As defined in the previous notebook, the frac intensity is just a parameter based on the max treat pressure, by formation, and binned into 10 intervals.

In [27]:
# creating a new dataframe with_maturity to hold the final_data with maturity flag
with_frac_intensity = with_maturity

In [28]:
with_frac_intensity['Frac_intensity'] = with_frac_intensity['max_treat_press']

In [29]:
grouped_data = with_frac_intensity.groupby('Produced_Pools')
for pool in with_frac_intensity.Produced_Pools.unique():
    cur_press = grouped_data.get_group(pool).max_treat_press
    if len(cur_press) < 10: # if the formation has less than 10 data points, use one bin for all of them
        n_bins = 1
    else:
        n_bins = 10
    cur_range = max(cur_press) - min(cur_press) + 1 # 1 is added to take care of cases where only one data point exists
    cur_min = min(cur_press)
    bin_size = cur_range/n_bins
    vals = grouped_data.get_group(pool).max_treat_press.map(lambda x: (x -cur_min)// bin_size + 1).astype('str')
    #vals = [pool + vals.astype('str')]
    with_frac_intensity.loc[vals.index,'Frac_intensity'] = vals

In [30]:
with_frac_intensity['Frac_intensity'] = with_frac_intensity['Frac_intensity'] + '_' + with_frac_intensity['Produced_Pools']

In [31]:
with_frac_intensity['Frac_intensity'] = with_frac_intensity['Frac_intensity'].astype('category')

In [32]:
temp_data = clean_data(with_frac_intensity,limits)
r2_rf, rmse_rf, cv_rf = random_forest_func(temp_data, data_cols)
print('New data shape:',temp_data.shape)
print('R2:',r2_rf)
print('RMSE:',rmse_rf)
print('Mean of 5-fold CV:',cv_rf)

New data shape: (3342, 22)
R2: 0.75313748707
RMSE: 27157.5622894
Mean of 5-fold CV: 0.676897924077


# Conclusion

Cleaning the data very aggresively results in a much better model than before.

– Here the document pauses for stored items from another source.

theorem mainTheorem14:
  fixes G :: "('q::finite, 'a::finite) pfsa"
    and M :: "'a stream measure"
    and \<epsilon> :: real
  assumes "is_pfsa G" and "strongly_connected G"
    and "is_stream_law G M"
    and "\<epsilon> > 0"
  shows "AE \<omega> in M. \<exists>L.
           ((\<lambda>n. \<bar>Theta G (W :: (unit, 'a) pfsa)
                  - zeta_hat (stake n \<omega>) (ln (1 / \<epsilon>) / ln (real CARD('a)))\<bar>) \<longlonglongrightarrow> L)
           \<and> L \<le> \<epsilon>"
proof -
  interpret sc_stream_law G M
    using assms by unfold_locales auto
  define l where "l = ln (1 / \<epsilon>) / ln (real CARD('a))"
  let ?\<phi> = "limit_sym_deriv G"
  have Theta_eq: "Theta G (W :: (unit, 'a) pfsa) = deriv_distance ?\<phi> (\<lambda>_. unif)"
    using Theta_eq_deriv_distance[OF assms(1-3) is_pfsa_W strongly_connected_W is_stream_law_uniform_stream]
    by (simp add: limit_sym_deriv_W)
  have approx: "\<bar>deriv_distance ?\<phi> (\<lambda>_. unif) - deriv_distance_upto ?\<phi> (\<lambda>_. unif) l\<bar> \<le> \<epsilon>"
    unfolding l_def using assms limit_sym_deriv_bounds unif_bounds
    by (intro deriv_distance_upto_approx) auto
  from sym_deriv_tendsto_AE show ?thesis
    unfolding l_def[symmetric]
  proof eventually_elim
    case (elim \<omega>)
    then have "(\<lambda>n. zeta_hat (stake n \<omega>) l) \<longlonglongrightarrow> deriv_distance_upto ?\<phi> (\<lambda>_. unif) l"
      by (simp add: zeta_hat_eq_deriv_distance_upto deriv_distance_upto_tendsto)
    then have "(\<lambda>n. \<bar>Theta G (W :: (unit, 'a) pfsa) - zeta_hat (stake n \<omega>) l\<bar>)
        \<longlonglongrightarrow> \<bar>deriv_distance ?\<phi> (\<lambda>_. unif) - deriv_distance_upto ?\<phi> (\<lambda>_. unif) l\<bar>"
      unfolding Theta_eq by (intro tendsto_intros)
    with approx show ?case
      by blast
  qed
qed

end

The best R^2 and RMSE values obtained were 0.7531 and 27157.56 barrels, respectively, with fracture intensity and maturity providing marginal improvements to the model. The previous machine learning model achieved a best-case R^2 and RMSE of 0.66 and 30140 bbls, respectively.

This works in this situation because we are still left with plenty of wells (3342).